Task description: Where does the string "most" appear in the listing below? Copy every line where it does.

Task inputs:
(* In the depth-3 instance with the shadow distribution described below, for $m$ sufficiently large, for every event $\mathcal E$ of the form $\{e_1\in A\}$ or $\{e_1\notin A\}$ with $e_1\in E$ and $\mathbb P[\mathcal E]>0$, and for every vertex $v$, we have $\mathbb E[|\delta^+(v)\cap A|\mid\mathcal E]\ge\Omega(1/m^4)\cdot\mathbb E[|\delta^+(v)\cap A'|\mid\mathcal E]$, where $|\delta^+(v)\cap A'|$ counts edges of $\delta^+(v)$ with their multiplicity in $A'$.
   Context: Depth-3 instance: fix a small constant $\rho>0$ and a large integer $m$ with $\rho m\in\mathbb N$, ground set $[m]$. Layers: $L_0=\{s\}$; $L_1$ has one vertex $u$ for each $S_u\subseteq[m]$ with $|S_u|=\rho m$; $L_2$ one vertex for each subset of size $2\rho m$; $L_3$ (the sinks) one vertex for each subset of size $\rho m$. Edges: $s$ to every vertex of $L_1$; $(u,v)$, $u\in L_1,v\in L_2$, iff $S_u\subseteq S_v$; $(u,v)$, $u\in L_2,v\in L_3$, iff $S_v\subseteq S_u$. For $e=(u,v)$ write $S_e=S_v$ and $e\in L_i$ if $v\in L_i$; $D(e)$ is the set of edges $(a,b)$ with $a$ reachable (possibly trivially) from the endpoint of $e$. $x_e=\binom{(1-\rho)m}{\rho m}^{-1}$ for $e\in L_1\cup L_3$ and $x_e=\binom{(1-\rho)m}{\rho m}^{-1}\binom{2\rho m}{\rho m}^{-1}$ for $e\in L_2$. Subtree solutions: for $e\in L_1$, $x^{(e)}_{e'}=1$ if $e'=e$; $\binom{2\rho m}{\rho m}^{-1}$ if $e'\in L_2\cap D(e)$; $\frac{\binom{(1-\rho)m}{\rho m}}{\binom{m}{\rho m}}\binom{m-2\rho m+|S_{e'}\cap S_e|}{|S_{e'}\cap S_e|}^{-1}$ if $e'\in L_3\cap D(e)$; $0$ otherwise. For $e\in L_2$: $x^{(e)}_{e'}=1$ if $e'=e$ or $e'\in L_3\cap D(e)$, else $0$. For $e\in L_3$: $x^{(e)}_{e'}=1$ iff $e'=e$. Shadow distribution: random $S$ containing each edge $e$ independently with probability $x_e$; for each $e\in S$ independently a random $S_e$ containing each edge $e'$ independently with probability $x^{(e)}_{e'}$; $A=\bigcup_{e\in S}S_e$, and $A'$ is the multiset union of the $S_e$, $e\in S$ (an edge appears in $A'$ as many times as the number of $e\in S$ with that edge in $S_e$). *)

theory Defs
  imports "HOL-Probability.Probability" "HOL-Probability.Product_PMF"
begin

text \<open>Depth-3 instance. Parameters: m (ground set {0..<m}) and k = rho*m.
Vertices: the source Src, and Lay i S for layer i in {1,2,3} with S the attached subset.\<close>

datatype vtx = Src | Lay nat "nat set"

type_synonym edge = "vtx \<times> vtx"

definition verts :: "nat \<Rightarrow> nat \<Rightarrow> vtx set" where
  "verts m k = {Src}
     \<union> {Lay 1 S | S. S \<subseteq> {..<m} \<and> card S = k}
     \<union> {Lay 2 S | S. S \<subseteq> {..<m} \<and> card S = 2 * k}
     \<union> {Lay 3 S | S. S \<subseteq> {..<m} \<and> card S = k}"

definition edges :: "nat \<Rightarrow> nat \<Rightarrow> edge set" where
  "edges m k =
       {(Src, Lay 1 S) | S. S \<subseteq> {..<m} \<and> card S = k}
     \<union> {(Lay 1 S, Lay 2 T) | S T. S \<subseteq> {..<m} \<and> card S = k \<and> T \<subseteq> {..<m} \<and> card T = 2 * k \<and> S \<subseteq> T}
     \<union> {(Lay 2 T, Lay 3 S) | S T. S \<subseteq> {..<m} \<and> card S = k \<and> T \<subseteq> {..<m} \<and> card T = 2 * k \<and> S \<subseteq> T}"

fun vlayer :: "vtx \<Rightarrow> nat" where
  "vlayer Src = 0" | "vlayer (Lay i S) = i"

fun vset :: "vtx \<Rightarrow> nat set" where
  "vset Src = {}" | "vset (Lay i S) = S"

definition elayer :: "edge \<Rightarrow> nat" where "elayer e = vlayer (snd e)"
definition eset :: "edge \<Rightarrow> nat set" where "eset e = vset (snd e)"

definition Desc :: "nat \<Rightarrow> nat \<Rightarrow> edge \<Rightarrow> edge set" where
  "Desc m k e = {e' \<in> edges m k. (snd e, fst e') \<in> (edges m k)\<^sup>*}"

definition outE :: "nat \<Rightarrow> nat \<Rightarrow> vtx \<Rightarrow> edge set" where
  "outE m k v = {e \<in> edges m k. fst e = v}"

text \<open>N = binom((1-rho)m, rho m) = binom(m-k, k).\<close>
definition Nb :: "nat \<Rightarrow> nat \<Rightarrow> real" where
  "Nb m k = real ((m - k) choose k)"

definition xval :: "nat \<Rightarrow> nat \<Rightarrow> edge \<Rightarrow> real" where
  "xval m k e = (if elayer e = 2 then 1 / (Nb m k * real ((2 * k) choose k)) else 1 / Nb m k)"

definition xsub :: "nat \<Rightarrow> nat \<Rightarrow> edge \<Rightarrow> edge \<Rightarrow> real" where
  "xsub m k e e' =
    (if elayer e = 1 then
       (if e' = e then 1
        else if e' \<in> Desc m k e \<and> elayer e' = 2 then 1 / real ((2 * k) choose k)
        else if e' \<in> Desc m k e \<and> elayer e' = 3 then
          (Nb m k / real (m choose k)) /
            real ((m - 2 * k + card (eset e' \<inter> eset e)) choose card (eset e' \<inter> eset e))
        else 0)
     else if elayer e = 2 then
       (if e' = e \<or> (e' \<in> Desc m k e \<and> elayer e' = 3) then 1 else 0)
     else (if e' = e then 1 else 0))"

definition rand_subset :: "'a set \<Rightarrow> ('a \<Rightarrow> real) \<Rightarrow> 'a set pmf" where
  "rand_subset X p = map_pmf (\<lambda>f. {x \<in> X. f x}) (Pi_pmf X False (\<lambda>x. bernoulli_pmf (p x)))"

text \<open>Shadow distribution: outcome (S, (S_e)_{e in S}); S_e = {} for e outside S (dummy).\<close>
definition shadow :: "nat \<Rightarrow> nat \<Rightarrow> (edge set \<times> (edge \<Rightarrow> edge set)) pmf" where
  "shadow m k =
     rand_subset (edges m k) (xval m k) \<bind> (\<lambda>S.
     Pi_pmf S {} (\<lambda>e. rand_subset (edges m k) (xsub m k e)) \<bind> (\<lambda>g.
     return_pmf (S, g)))"

text \<open>A = union of the S_e, e in S;  multiplicity of e' in the multiset union A'.\<close>
definition setA :: "edge set \<times> (edge \<Rightarrow> edge set) \<Rightarrow> edge set" where
  "setA \<omega> = (\<Union>e\<in>fst \<omega>. snd \<omega> e)"

definition multA' :: "edge set \<times> (edge \<Rightarrow> edge set) \<Rightarrow> edge \<Rightarrow> nat" where
  "multA' \<omega> e' = card {e \<in> fst \<omega>. e' \<in> snd \<omega> e}"

end

theory Submission
  imports Defs
begin

(* The shadow is a family of independent random sets H_e, where H_e = S_e if e is in S and
   H_e = {} otherwise: A is their union U, and the multiplicity of an edge a in A' is the number
   of e with a in H_e.  So it suffices to bound, for every out-edge a of v, the sum over e of
   P[a in H_e, E] by a constant times P[a in U, E].  Write mu for the sum over e of P[a in H_e].
   For independent events the reverse union bound  sum p_e <= (1 + sum p_e) P[some event occurs]
   holds.  On E = {e1 not in U} the H_e stay independent after conditioning, and each probability
   at most doubles because P[e1 in H_e] <= x_e <= 1/2; this gives the constant 1 + 2 mu.
   On E = {e1 in U} one separates whether e1 lies in the same H_e as a, and uses that the events
   a notin H_e and e1 notin H_e are positively correlated; this gives 2 + 2 mu.  Finally mu <= 2,
   since every edge has at most binom(2k,k) ancestors in each of the layers 1 and 2.  The result
   is the bound with constant 1/6 for all m, k with 1 <= k and 2k < m, without the factor m^-4. *)

section \<open>Discrete probability\<close>

lemma one_plus_sum_mult_prod_one_minus_le_1:
  fixes t :: "'i \<Rightarrow> real"
  assumes "finite I" "\<And>i. i \<in> I \<Longrightarrow> 0 \<le> t i \<and> t i \<le> 1"
  shows "(1 + sum t I) * (\<Prod>i\<in>I. 1 - t i) \<le> 1"
  using assms
proof (induction I rule: finite_induct)
  case empty
  then show ?case by simp
next
  case (insert x F)
  have IH: "(1 + sum t F) * (\<Prod>i\<in>F. 1 - t i) \<le> 1" and tx: "0 \<le> t x" "t x \<le> 1"
    using insert by auto
  have "0 \<le> sum t F" "0 \<le> (\<Prod>i\<in>F. 1 - t i)"
    using insert by (auto intro: sum_nonneg prod_nonneg)
  moreover have "(1 + (t x + sum t F)) * (1 - t x) \<le> 1 + sum t F"
    using tx \<open>0 \<le> sum t F\<close> by (simp add: algebra_simps)
  ultimately have "(1 + (t x + sum t F)) * (1 - t x) * (\<Prod>i\<in>F. 1 - t i) \<le> (1 + sum t F) * (\<Prod>i\<in>F. 1 - t i)"
    by (intro mult_right_mono)
  then show ?case using insert IH by (simp add: mult.assoc)
qed

lemma sum_le_one_plus_sum_mult_one_minus_prod:
  fixes t :: "'i \<Rightarrow> real"
  assumes "finite I" "\<And>i. i \<in> I \<Longrightarrow> 0 \<le> t i \<and> t i \<le> 1"
  shows "sum t I \<le> (1 + sum t I) * (1 - (\<Prod>i\<in>I. 1 - t i))"
  using one_plus_sum_mult_prod_one_minus_le_1[OF assms] by (simp add: algebra_simps)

Task result:
   at most doubles because P[e1 in H_e] <= x_e <= 1/2; this gives the constant 1 + 2 mu.
   since every edge has at most binom(2k,k) ancestors in each of the layers 1 and 2.  The result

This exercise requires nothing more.